A lawmaker with sufficiently clever accountants, moreover, could effectively structure such a loan to allow lobbyists and other donors to help the lawmaker directly profit from it. According to the Los Angeles Times, for example, in 1998, Rep. Grace Napolitano (D-CA) made a $150,000 loan to her campaign at 18 percent interest (though she later reduced that interest rate to 10 percent). As of 2009, Napolitano reportedly raised $221,780 to repay that loan — $158,000 of which was classified as “interest.” So in 11 years, the loan reportedly earned Napolitano nearly $72,000 in profits.
Comes now Tailgunner Ted Cruz, who wants to do away with those rules and limitations on loan repayments to candidates for federal offices. I trust I need not hang pink neon around the loophole for personal enrichment and influence peddling that a decision in favor of Cruz’s campaign would open in our already moth-eaten campaign-finance regulations. And one would have to have been on Mars over the past decade not to make Cruz the favorite whenever the Court’s decision comes down. Which is good, because, as Millhiser reports, the Tailgunner brought this case specifically to blow up this particular regulatory device.
According to the Justice Department, on the day before the 2018 election, Cruz lent his campaign $260,000, or $10,000 more than the amount that can legally be repaid from post-election funds.

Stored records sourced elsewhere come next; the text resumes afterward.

lemma card_overpartitions_with_parts_insert:
  assumes "k > 0" "k \<notin> K"
  shows "card (overpartitions_with_parts (insert k K) n) =
           (\<Sum>j=0..n div k. (if j = 0 then 1 else 2) * card (overpartitions_with_parts K (n - j * k)))"
proof -
  let ?P = "overpartitions_with_parts (insert k K) n"
  have "(\<lambda>x. count (fst x) k) ` ?P \<subseteq> {0..n div k}"
    using assms(1) overpartitions_with_parts_count_le by (auto simp: less_eq_div_iff_mult_less_eq)
  then have "card ?P = (\<Sum>j=0..n div k. card {x \<in> ?P. count (fst x) k = j})"
    using sum_fun_comp[of ?P "{0..n div k}" "\<lambda>x. count (fst x) k" "\<lambda>_. 1 :: nat"]
    by (simp add: finite_overpartitions_with_parts)
  also have "\<dots> = (\<Sum>j=0..n div k. (if j = 0 then 1 else 2) * card (overpartitions_with_parts K (n - j * k)))"
  proof (intro sum.cong refl)
    fix j assume "j \<in> {0..n div k}"
    then have "j * k \<le> n" using assms(1) by (simp add: less_eq_div_iff_mult_less_eq)
    then show "card {x \<in> ?P. count (fst x) k = j} =
        (if j = 0 then 1 else 2) * card (overpartitions_with_parts K (n - j * k))"
      using assms overpartitions_with_parts_count_0 card_overpartitions_with_parts_count by auto
  qed
  finally show ?thesis .
qed

definition overpartition_factor :: "nat \<Rightarrow> int fps" where
  "overpartition_factor k = (1 + fps_X ^ k) * geometric_fps k"

lemma overpartition_factor_nth:
  assumes "k > 0"
  shows "overpartition_factor k $ i = (if i = 0 then 1 else if k dvd i then 2 else 0)"
proof -
  have "k dvd i \<longleftrightarrow> (if i < k then i = 0 else k dvd (i - k))"
    using assms by (auto dest: dvd_imp_le simp: dvd_minus_self)
  then show ?thesis
    using assms by (auto simp: overpartition_factor_def geometric_fps_def distrib_right fps_X_power_mult_nth)
qed

lemma overpartition_factor_mult_nth:
  assumes "k > 0"
  shows "(overpartition_factor k * f) $ n = (\<Sum>j=0..n div k. (if j = 0 then 1 else 2) * f $ (n - j * k))"
proof -
  have "(overpartition_factor k * f) $ n = (\<Sum>i=0..n. overpartition_factor k $ i * f $ (n - i))"
    by (simp add: fps_mult_nth)
  also have "\<dots> = (\<Sum>i\<in>(\<lambda>j. j * k) ` {0..n div k}. overpartition_factor k $ i * f $ (n - i))"
  proof (rule sum.mono_neutral_right)
    show "(\<lambda>j. j * k) ` {0..n div k} \<subseteq> {0..n}"
      using assms by (auto simp: less_eq_div_iff_mult_less_eq)
    show "\<forall>i\<in>{0..n} - (\<lambda>j. j * k) ` {0..n div k}. overpartition_factor k $ i * f $ (n - i) = 0"
    proof
      fix i assume i: "i \<in> {0..n} - (\<lambda>j. j * k) ` {0..n div k}"
      have "\<not> k dvd i"
      proof
        assume "k dvd i"
        then obtain j where "i = j * k" by (metis dvd_def mult.commute)
        with i assms show False by (auto simp: less_eq_div_iff_mult_less_eq)
      qed
      with i assms show "overpartition_factor k $ i * f $ (n - i) = 0"
        by (auto simp: overpartition_factor_nth)
    qed
  qed simp
  also have "\<dots> = (\<Sum>j=0..n div k. overpartition_factor k $ (j * k) * f $ (n - j * k))"
    using assms by (subst sum.reindex) (auto simp: inj_on_def)
  also have "\<dots> = (\<Sum>j=0..n div k. (if j = 0 then 1 else 2) * f $ (n - j * k))"
    using assms by (intro sum.cong refl) (simp add: overpartition_factor_nth)
  finally show ?thesis .
qed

Moreover, while a federal regulation permits Cruz’s campaign to pay back all of that money using funds raised before the election, so long as it did so no later than 20 days after the election, the campaign waited until after this deadline had passed to pay back $250,000 of the $260,000 loan.
And, just in case there’s any doubt why Cruz and his campaign entered into this unusual arrangement, Cruz and his campaign do not contest that “the sole and exclusive motivation behind Senator Cruz’ actions in making the 2018 loan and the committee’s actions in waiting to repay them was to establish the factual basis for this challenge.” Cruz was essentially willing to risk $10,000 of his own money for an opportunity to knock down a federal anti-corruption law.
And, in a couple of years, if he’s still in office, and if rising seas haven’t taken Rhode Island off toward Labrador, Sheldon Whitehouse will get up on the Senate floor and demonstrate again the corrupting influence of money on the process of appointing a Supreme Court that then will be tasked with passing judgment on the corrupting influence of money. And the water-wheel of sewage goes ‘round and ‘round.